Lettres à Marcel Mauss
"Emile Durkheim (1858 - 1917) et son neveu Marcel Mauss (1872 - 1950) ont été les fondateurs en France de l'ethnologie et de la sociologie, deux disciplines alors indissociables l'une de l'autre. Pareille entreprise fondatrice eût été impossible sans la relation étroite, souvent complice, parfois difficile, voire orageuse, entre les deux hommes. Longtemps attendue, la publication des lettres de l'oncle maternel à son neveu, permet de suivre, pendant un quart de siècle, les divers aspects et épisodes de cette relation. Elle apprend beaucoup sur la collaboration scientifique entre Durkheim et Mauss.
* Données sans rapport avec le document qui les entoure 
(* Let $p=p(n)$ and $G\in\mathcal G(n,p)$. If $p=o(n^{-3/2})$, then with high probability $G$ is reconstructible from its $1$-neighbourhoods.
   Context: $\mathcal G(n,p)$ is the Erdős–Rényi random graph on vertex set $[n]$ in which each pair is an edge independently with probability $p$. "With high probability" means with probability tending to $1$ as $n\to\infty$. For a graph $G$, a vertex $v$ and an integer $r\ge1$, the $r$-neighbourhood $N_r^{(G)}(v)$ is the subgraph of $G$ induced by the vertices at distance at most $r$ from $v$, considered as a graph rooted at $v$. Graphs $G$ and $H$ have isomorphic $r$-neighbourhoods if there is a bijection $\phi:V(G)\to V(H)$ such that for every $v\in V(G)$ there is a graph isomorphism $N_r^{(G)}(v)\to N_r^{(H)}(\phi(v))$ mapping $v$ to $\phi(v)$. $G$ is reconstructible from its $r$-neighbourhoods if every graph $H$ with $r$-neighbourhoods isomorphic to those of $G$ is isomorphic to $G$. *)

theory Defs
  imports Complex_Main "HOL-Library.Landau_Symbols"
begin

text \<open>Simple graphs on the vertex set [n] = {0..<n}, given by their edge sets
  (edges are 2-element sets {u,v} with u \<noteq> v).\<close>

definition vpairs :: "nat \<Rightarrow> nat set set" where
  "vpairs n = {e. \<exists>u v. u < n \<and> v < n \<and> u \<noteq> v \<and> e = {u, v}}"

definition closed_nbhd :: "nat set set \<Rightarrow> nat \<Rightarrow> nat set" where
  "closed_nbhd E v = insert v {u. {u, v} \<in> E}"

definition rooted_induced_iso ::
  "nat set set \<Rightarrow> nat set \<Rightarrow> nat \<Rightarrow> nat set set \<Rightarrow> nat set \<Rightarrow> nat \<Rightarrow> bool" where
  "rooted_induced_iso E A a F B b \<longleftrightarrow>
     (\<exists>f. bij_betw f A B \<and> f a = b \<and>
          (\<forall>x\<in>A. \<forall>y\<in>A. {x, y} \<in> E \<longleftrightarrow> {f x, f y} \<in> F))"

definition nbhd1_iso :: "nat set set \<Rightarrow> nat \<Rightarrow> nat set set \<Rightarrow> nat \<Rightarrow> bool" where
  "nbhd1_iso E v H w = rooted_induced_iso E (closed_nbhd E v) v H (closed_nbhd H w) w"

definition graph_iso :: "nat \<Rightarrow> nat set set \<Rightarrow> nat set set \<Rightarrow> bool" where
  "graph_iso n E H \<longleftrightarrow>
     (\<exists>f. bij_betw f {..<n} {..<n} \<and>
          (\<forall>x<n. \<forall>y<n. {x, y} \<in> E \<longleftrightarrow> {f x, f y} \<in> H))"

definition same_1nbhds :: "nat \<Rightarrow> nat set set \<Rightarrow> nat set set \<Rightarrow> bool" where
  "same_1nbhds n E H \<longleftrightarrow>
     (\<exists>\<phi>. bij_betw \<phi> {..<n} {..<n} \<and> (\<forall>v<n. nbhd1_iso E v H (\<phi> v)))"

definition reconstructible_1 :: "nat \<Rightarrow> nat set set \<Rightarrow> bool" where
  "reconstructible_1 n E \<longleftrightarrow>
     (\<forall>H. H \<subseteq> vpairs n \<longrightarrow> same_1nbhds n E H \<longrightarrow> graph_iso n E H)"

definition gnp_prob :: "nat \<Rightarrow> real \<Rightarrow> (nat set set \<Rightarrow> bool) \<Rightarrow> real" where
  "gnp_prob n p P =
     (\<Sum>E \<in> {E. E \<subseteq> vpairs n \<and> P E}. p ^ card E * (1 - p) ^ (card (vpairs n) - card E))"

end

theory Submission
  imports Defs "HOL-Combinatorics.Transposition"
begin

text \<open>A graph whose edges are pairwise disjoint is reconstructible from its 1-neighbourhoods:
  the sizes of the neighbourhoods show that any graph with the same neighbourhoods again has
  maximum degree at most one and the same number of covered vertices, hence the same number of
  edges, and two matchings with equally many edges on the same vertex set are isomorphic.
  A graph is not a matching only if it contains a path with two edges; there are at most
  \<open>n\<^sup>3\<close> such paths, each present with probability \<open>p\<^sup>2\<close>, so the probability of failure is at
  most \<open>n\<^sup>3 p\<^sup>2\<close>, which tends to 0 when \<open>p = o(n powr (-3/2))\<close>.\<close>

section \<open>The binomial random graph\<close>

lemma sum_Pow_binomial_weights:
  fixes q :: real
  assumes "finite S"
  shows "(\<Sum>E\<in>Pow S. q ^ card E * (1 - q) ^ (card S - card E)) = 1"
  using assms
proof (induction S rule: finite_induct)
  case empty
  then show ?case by simp
next
  case (insert x S)
  let ?w = "\<lambda>S E. q ^ card E * (1 - q) ^ (card S - card E)"
  have fin: "finite (Pow S)" using insert.hyps(1) by simp
  have disj: "Pow S \<inter> insert x ` Pow S = {}" using insert.hyps(2) by auto
  have inj: "inj_on (insert x) (Pow S)"
    using insert.hyps(2) unfolding inj_on_def by (metis PowD insert_ident subset_iff)
  have without_x: "(\<Sum>E\<in>Pow S. ?w (insert x S) E) = (1 - q) * (\<Sum>E\<in>Pow S. ?w S E)"
    unfolding sum_distrib_left
  proof (rule sum.cong)
    fix E assume "E \<in> Pow S"
    then have "card E \<le> card S" using insert.hyps(1) by (simp add: card_mono)
    then show "?w (insert x S) E = (1 - q) * ?w S E" using insert.hyps by (simp add: Suc_diff_le)
  qed simp
  have with_x: "(\<Sum>E\<in>insert x ` Pow S. ?w (insert x S) E) = q * (\<Sum>E\<in>Pow S. ?w S E)"
    unfolding sum.reindex[OF inj] sum_distrib_left
  proof (rule sum.cong)
    fix E assume "E \<in> Pow S"
    then have "finite E" "x \<notin> E" using insert.hyps finite_subset by auto
    then show "(?w (insert x S) \<circ> insert x) E = q * ?w S E" using insert.hyps by simp
  qed simp
  show ?case
    unfolding Pow_insert sum.union_disjoint[OF fin finite_imageI[OF fin] disj]
    using without_x with_x insert.IH by (simp add: algebra_simps)
qed

lemma sum_supersets_binomial_weights:
  fixes q :: real
  assumes "finite S" "A \<subseteq> S"
  shows "(\<Sum>E\<in>{E. E \<subseteq> S \<and> A \<subseteq> E}. q ^ card E * (1 - q) ^ (card S - card E)) = q ^ card A"
proof -
  have supersets: "{E. E \<subseteq> S \<and> A \<subseteq> E} = (\<union>) A ` Pow (S - A)"
  proof
    show "{E. E \<subseteq> S \<and> A \<subseteq> E} \<subseteq> (\<union>) A ` Pow (S - A)"
    proof
      fix E assume "E \<in> {E. E \<subseteq> S \<and> A \<subseteq> E}"
      then have "E = A \<union> (E - A)" "E - A \<in> Pow (S - A)" by auto
      then show "E \<in> (\<union>) A ` Pow (S - A)" by blast
    qed
  qed (use assms in auto)
  have inj: "inj_on ((\<union>) A) (Pow (S - A))" unfolding inj_on_def by blast
  have fin_A: "finite A" using assms finite_subset by blast
  have card_rest: "card (S - A) = card S - card A" using assms fin_A by (simp add: card_Diff_subset)
  have "(\<Sum>E\<in>{E. E \<subseteq> S \<and> A \<subseteq> E}. q ^ card E * (1 - q) ^ (card S - card E))
      = (\<Sum>E\<in>Pow (S - A). q ^ card A * (q ^ card E * (1 - q) ^ (card (S - A) - card E)))"
    unfolding supersets sum.reindex[OF inj]
  proof (rule sum.cong)
    fix E assume E: "E \<in> Pow (S - A)"
    then have "finite E" "A \<inter> E = {}" using assms finite_subset[of E S] by auto
    then have card_Un: "card (A \<union> E) = card A + card E" using fin_A card_Un_disjoint by blast
    have "card E \<le> card (S - A)" using E assms by (simp add: card_mono)
    then have "card S - card (A \<union> E) = card (S - A) - card E" using card_Un card_rest by simp
    then show "((\<lambda>E. q ^ card E * (1 - q) ^ (card S - card E)) \<circ> (\<union>) A) E
        = q ^ card A * (q ^ card E * (1 - q) ^ (card (S - A) - card E))"
      using card_Un by (simp add: power_add)
  qed simp
  also have "\<dots> = q ^ card A"
    unfolding sum_distrib_left[symmetric] using sum_Pow_binomial_weights[of "S - A" q] assms by simp
  finally show ?thesis .
qed

lemma finite_vpairs: "finite (vpairs n)"
proof (rule finite_subset)
  show "vpairs n \<subseteq> Pow {..<n}" unfolding vpairs_def by auto
qed simp

lemma gnp_prob_nonneg:
  fixes q :: real
  assumes "0 \<le> q" "q \<le> 1"
  shows "0 \<le> gnp_prob n q P"
  unfolding gnp_prob_def using assms by (intro sum_nonneg) simp

lemma gnp_prob_compl: "gnp_prob n q (\<lambda>E. \<not> P E) = 1 - gnp_prob n q P"
proof -
  have fin: "finite (Pow (vpairs n))" using finite_vpairs by simp
  have split: "Pow (vpairs n) = {E. E \<subseteq> vpairs n \<and> P E} \<union> {E. E \<subseteq> vpairs n \<and> \<not> P E}" by auto
  have "gnp_prob n q P + gnp_prob n q (\<lambda>E. \<not> P E)
      = (\<Sum>E\<in>Pow (vpairs n). q ^ card E * (1 - q) ^ (card (vpairs n) - card E))"
    unfolding gnp_prob_def split by (rule sum.union_disjoint[symmetric]) (use fin split in auto)
  also have "\<dots> = 1" by (rule sum_Pow_binomial_weights[OF finite_vpairs])
  finally show ?thesis by simp
qed

lemma gnp_prob_le_1:
  fixes q :: real
  assumes "0 \<le> q" "q \<le> 1"
  shows "gnp_prob n q P \<le> 1"
  using gnp_prob_compl[of n q P] gnp_prob_nonneg[OF assms, of n "\<lambda>E. \<not> P E"] by simp

lemma gnp_prob_union_bound:
  fixes q :: real
  assumes q: "0 \<le> q" "q \<le> 1" and "finite T"
    and A: "\<And>t. t \<in> T \<Longrightarrow> A t \<subseteq> vpairs n"
    and cover: "\<And>E. E \<subseteq> vpairs n \<Longrightarrow> P E \<Longrightarrow> \<exists>t\<in>T. A t \<subseteq> E"
  shows "gnp_prob n q P \<le> (\<Sum>t\<in>T. q ^ card (A t))"
proof -
  define w where "w E = q ^ card E * (1 - q) ^ (card (vpairs n) - card E)" for E :: "nat set set"
  have w_nonneg: "0 \<le> w E" for E unfolding w_def using q by simp
  have fin: "finite (Pow (vpairs n))" using finite_vpairs by simp
  have "gnp_prob n q P = (\<Sum>E\<in>{E. E \<subseteq> vpairs n \<and> P E}. w E)" unfolding gnp_prob_def w_def ..
  also have "\<dots> \<le> (\<Sum>E\<in>{E. E \<subseteq> vpairs n \<and> P E}. \<Sum>t\<in>T. if A t \<subseteq> E then w E else 0)"
  proof (rule sum_mono)
    fix E assume "E \<in> {E. E \<subseteq> vpairs n \<and> P E}"
    then obtain t where t: "t \<in> T" "A t \<subseteq> E" using cover by blast
    have "w E = (if A t \<subseteq> E then w E else 0)" using t by simp
    also have "\<dots> \<le> (\<Sum>t\<in>T. if A t \<subseteq> E then w E else 0)"
      by (rule member_le_sum) (use t \<open>finite T\<close> w_nonneg in auto)
    finally show "w E \<le> (\<Sum>t\<in>T. if A t \<subseteq> E then w E else 0)" .
  qed
  also have "\<dots> \<le> (\<Sum>E\<in>Pow (vpairs n). \<Sum>t\<in>T. if A t \<subseteq> E then w E else 0)"
    by (rule sum_mono2[OF fin]) (auto simp: w_nonneg intro: sum_nonneg)
  also have "\<dots> = (\<Sum>t\<in>T. \<Sum>E\<in>Pow (vpairs n). if A t \<subseteq> E then w E else 0)"
    by (rule sum.swap)
  also have "\<dots> = (\<Sum>t\<in>T. q ^ card (A t))"
  proof (rule sum.cong)
    fix t assume "t \<in> T"
    have "(\<Sum>E\<in>Pow (vpairs n). if A t \<subseteq> E then w E else 0) = (\<Sum>E\<in>{E \<in> Pow (vpairs n). A t \<subseteq> E}. w E)"
      by (rule sum.inter_filter[symmetric, OF fin])
    also have "{E \<in> Pow (vpairs n). A t \<subseteq> E} = {E. E \<subseteq> vpairs n \<and> A t \<subseteq> E}" by auto
    also have "(\<Sum>E\<in>{E. E \<subseteq> vpairs n \<and> A t \<subseteq> E}. w E) = q ^ card (A t)"
      unfolding w_def by (rule sum_supersets_binomial_weights[OF finite_vpairs A[OF \<open>t \<in> T\<close>]])
    finally show "(\<Sum>E\<in>Pow (vpairs n). if A t \<subseteq> E then w E else 0) = q ^ card (A t)" .
  qed simp
  finally show ?thesis .
qed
Elle apporte un éclairage nouveau sur la manière dont s'est constituée "l'école française de sociologie" autour de la revue "L'Année sociologique".

 

L'ancrage de cette "école française de sociologie"  tient pour une part au fait que Durkheim sut mobiliser autour de lui toute une génération tels que Célestin Bouglé (1870-1940), qui étudie les formes sociales favorisant les idées démocratiques et laïques dans "Essais sur le régime des castes" (1908),  Hubert Bourgin (1874-1955), Georges Davy (1883-1976), Paul Fauconnet (1874-1938), connu pour son ouvrage "Responsabilité, Étude et Sociologie (1920), Louis Gernet (1882-1964), Maurice Halbwachs (1877-1945), René Hertz (1881-1915), Henri Hubert (1872-1927), Paul Huvelin (1873-1924), Paul Lapie (1869-1927), Marcel Mauss (1872-1950), Gaston Richard (1860-1945), François Simiand (1873-1935), économiste, auteur de "le Salaire, l'évolution sociale et la monnaie" (1932).